(Records shown begins)

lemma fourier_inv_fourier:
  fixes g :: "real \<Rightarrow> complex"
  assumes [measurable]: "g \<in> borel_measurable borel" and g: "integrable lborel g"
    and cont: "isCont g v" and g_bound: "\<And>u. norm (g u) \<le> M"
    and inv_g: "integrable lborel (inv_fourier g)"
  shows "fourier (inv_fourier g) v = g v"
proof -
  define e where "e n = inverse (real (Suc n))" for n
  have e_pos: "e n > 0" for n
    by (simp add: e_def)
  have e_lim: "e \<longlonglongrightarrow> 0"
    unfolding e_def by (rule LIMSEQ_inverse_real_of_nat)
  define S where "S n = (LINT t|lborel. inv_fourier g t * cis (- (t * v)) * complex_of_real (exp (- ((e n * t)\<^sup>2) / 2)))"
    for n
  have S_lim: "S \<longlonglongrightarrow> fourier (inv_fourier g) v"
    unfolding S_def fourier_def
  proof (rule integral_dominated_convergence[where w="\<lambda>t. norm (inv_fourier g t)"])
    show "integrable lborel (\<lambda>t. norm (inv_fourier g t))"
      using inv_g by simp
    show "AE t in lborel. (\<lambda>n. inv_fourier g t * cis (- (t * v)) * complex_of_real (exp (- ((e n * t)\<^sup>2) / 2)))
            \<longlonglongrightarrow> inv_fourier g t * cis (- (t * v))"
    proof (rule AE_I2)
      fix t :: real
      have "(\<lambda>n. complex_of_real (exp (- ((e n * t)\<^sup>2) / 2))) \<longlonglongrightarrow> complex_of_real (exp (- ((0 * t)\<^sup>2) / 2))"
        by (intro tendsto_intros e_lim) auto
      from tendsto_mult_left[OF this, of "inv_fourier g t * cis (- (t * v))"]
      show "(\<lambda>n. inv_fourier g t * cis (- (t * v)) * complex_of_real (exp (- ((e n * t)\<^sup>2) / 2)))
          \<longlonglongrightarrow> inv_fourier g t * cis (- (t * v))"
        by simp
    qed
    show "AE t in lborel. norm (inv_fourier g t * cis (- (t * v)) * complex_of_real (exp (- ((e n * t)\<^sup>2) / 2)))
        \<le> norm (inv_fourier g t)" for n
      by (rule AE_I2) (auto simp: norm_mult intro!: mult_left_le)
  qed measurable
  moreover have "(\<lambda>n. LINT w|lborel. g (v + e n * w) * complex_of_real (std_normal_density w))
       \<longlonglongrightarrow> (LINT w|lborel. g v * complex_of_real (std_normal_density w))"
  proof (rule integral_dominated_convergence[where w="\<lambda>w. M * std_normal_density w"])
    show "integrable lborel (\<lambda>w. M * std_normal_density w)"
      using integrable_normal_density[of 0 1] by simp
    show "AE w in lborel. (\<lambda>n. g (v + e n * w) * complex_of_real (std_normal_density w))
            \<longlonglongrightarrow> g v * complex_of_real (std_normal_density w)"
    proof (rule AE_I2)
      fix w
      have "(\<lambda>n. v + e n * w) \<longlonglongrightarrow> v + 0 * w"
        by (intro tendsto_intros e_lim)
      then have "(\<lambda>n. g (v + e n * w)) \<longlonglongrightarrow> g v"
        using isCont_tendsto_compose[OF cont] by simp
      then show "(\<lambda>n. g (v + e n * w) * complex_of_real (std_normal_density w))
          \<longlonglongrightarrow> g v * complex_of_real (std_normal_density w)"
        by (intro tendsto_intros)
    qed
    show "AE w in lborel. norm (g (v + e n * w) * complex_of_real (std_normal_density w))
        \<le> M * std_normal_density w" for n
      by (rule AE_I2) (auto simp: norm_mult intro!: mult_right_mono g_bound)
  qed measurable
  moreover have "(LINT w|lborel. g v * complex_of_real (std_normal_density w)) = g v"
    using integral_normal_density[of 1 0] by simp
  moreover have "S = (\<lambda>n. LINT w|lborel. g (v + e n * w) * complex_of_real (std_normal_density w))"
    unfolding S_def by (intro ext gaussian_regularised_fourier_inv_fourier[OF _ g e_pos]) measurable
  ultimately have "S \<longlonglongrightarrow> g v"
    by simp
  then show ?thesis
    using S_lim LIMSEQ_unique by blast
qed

(Records shown ends)

Work order :: Word for word, transcribe each record.

Written solution ::
lemma fourier_inv_fourier:
  fixes g :: "real \<Rightarrow> complex"
  assumes [measurable]: "g \<in> borel_measurable borel" and g: "integrable lborel g"
    and cont: "isCont g v" and g_bound: "\<And>u. norm (g u) \<le> M"
    and inv_g: "integrable lborel (inv_fourier g)"
  shows "fourier (inv_fourier g) v = g v"
proof -
  define e where "e n = inverse (real (Suc n))" for n
  have e_pos: "e n > 0" for n
    by (simp add: e_def)
  have e_lim: "e \<longlonglongrightarrow> 0"
    unfolding e_def by (rule LIMSEQ_inverse_real_of_nat)
  define S where "S n = (LINT t|lborel. inv_fourier g t * cis (- (t * v)) * complex_of_real (exp (- ((e n * t)\<^sup>2) / 2)))"
    for n
  have S_lim: "S \<longlonglongrightarrow> fourier (inv_fourier g) v"
    unfolding S_def fourier_def
  proof (rule integral_dominated_convergence[where w="\<lambda>t. norm (inv_fourier g t)"])
    show "integrable lborel (\<lambda>t. norm (inv_fourier g t))"
      using inv_g by simp
    show "AE t in lborel. (\<lambda>n. inv_fourier g t * cis (- (t * v)) * complex_of_real (exp (- ((e n * t)\<^sup>2) / 2)))
            \<longlonglongrightarrow> inv_fourier g t * cis (- (t * v))"
    proof (rule AE_I2)
      fix t :: real
      have "(\<lambda>n. complex_of_real (exp (- ((e n * t)\<^sup>2) / 2))) \<longlonglongrightarrow> complex_of_real (exp (- ((0 * t)\<^sup>2) / 2))"
        by (intro tendsto_intros e_lim) auto
      from tendsto_mult_left[OF this, of "inv_fourier g t * cis (- (t * v))"]
      show "(\<lambda>n. inv_fourier g t * cis (- (t * v)) * complex_of_real (exp (- ((e n * t)\<^sup>2) / 2)))
          \<longlonglongrightarrow> inv_fourier g t * cis (- (t * v))"
        by simp
    qed
    show "AE t in lborel. norm (inv_fourier g t * cis (- (t * v)) * complex_of_real (exp (- ((e n * t)\<^sup>2) / 2)))
        \<le> norm (inv_fourier g t)" for n
      by (rule AE_I2) (auto simp: norm_mult intro!: mult_left_le)
  qed measurable
  moreover have "(\<lambda>n. LINT w|lborel. g (v + e n * w) * complex_of_real (std_normal_density w))
       \<longlonglongrightarrow> (LINT w|lborel. g v * complex_of_real (std_normal_density w))"
  proof (rule integral_dominated_convergence[where w="\<lambda>w. M * std_normal_density w"])
    show "integrable lborel (\<lambda>w. M * std_normal_density w)"
      using integrable_normal_density[of 0 1] by simp
    show "AE w in lborel. (\<lambda>n. g (v + e n * w) * complex_of_real (std_normal_density w))
            \<longlonglongrightarrow> g v * complex_of_real (std_normal_density w)"
    proof (rule AE_I2)
      fix w
      have "(\<lambda>n. v + e n * w) \<longlonglongrightarrow> v + 0 * w"
        by (intro tendsto_intros e_lim)
      then have "(\<lambda>n. g (v + e n * w)) \<longlonglongrightarrow> g v"
        using isCont_tendsto_compose[OF cont] by simp
      then show "(\<lambda>n. g (v + e n * w) * complex_of_real (std_normal_density w))
          \<longlonglongrightarrow> g v * complex_of_real (std_normal_density w)"
        by (intro tendsto_intros)
    qed
    show "AE w in lborel. norm (g (v + e n * w) * complex_of_real (std_normal_density w))
        \<le> M * std_normal_density w" for n
      by (rule AE_I2) (auto simp: norm_mult intro!: mult_right_mono g_bound)
  qed measurable
  moreover have "(LINT w|lborel. g v * complex_of_real (std_normal_density w)) = g v"
    using integral_normal_density[of 1 0] by simp
  moreover have "S = (\<lambda>n. LINT w|lborel. g (v + e n * w) * complex_of_real (std_normal_density w))"
    unfolding S_def by (intro ext gaussian_regularised_fourier_inv_fourier[OF _ g e_pos]) measurable
  ultimately have "S \<longlonglongrightarrow> g v"
    by simp
  then show ?thesis
    using S_lim LIMSEQ_unique by blast
qed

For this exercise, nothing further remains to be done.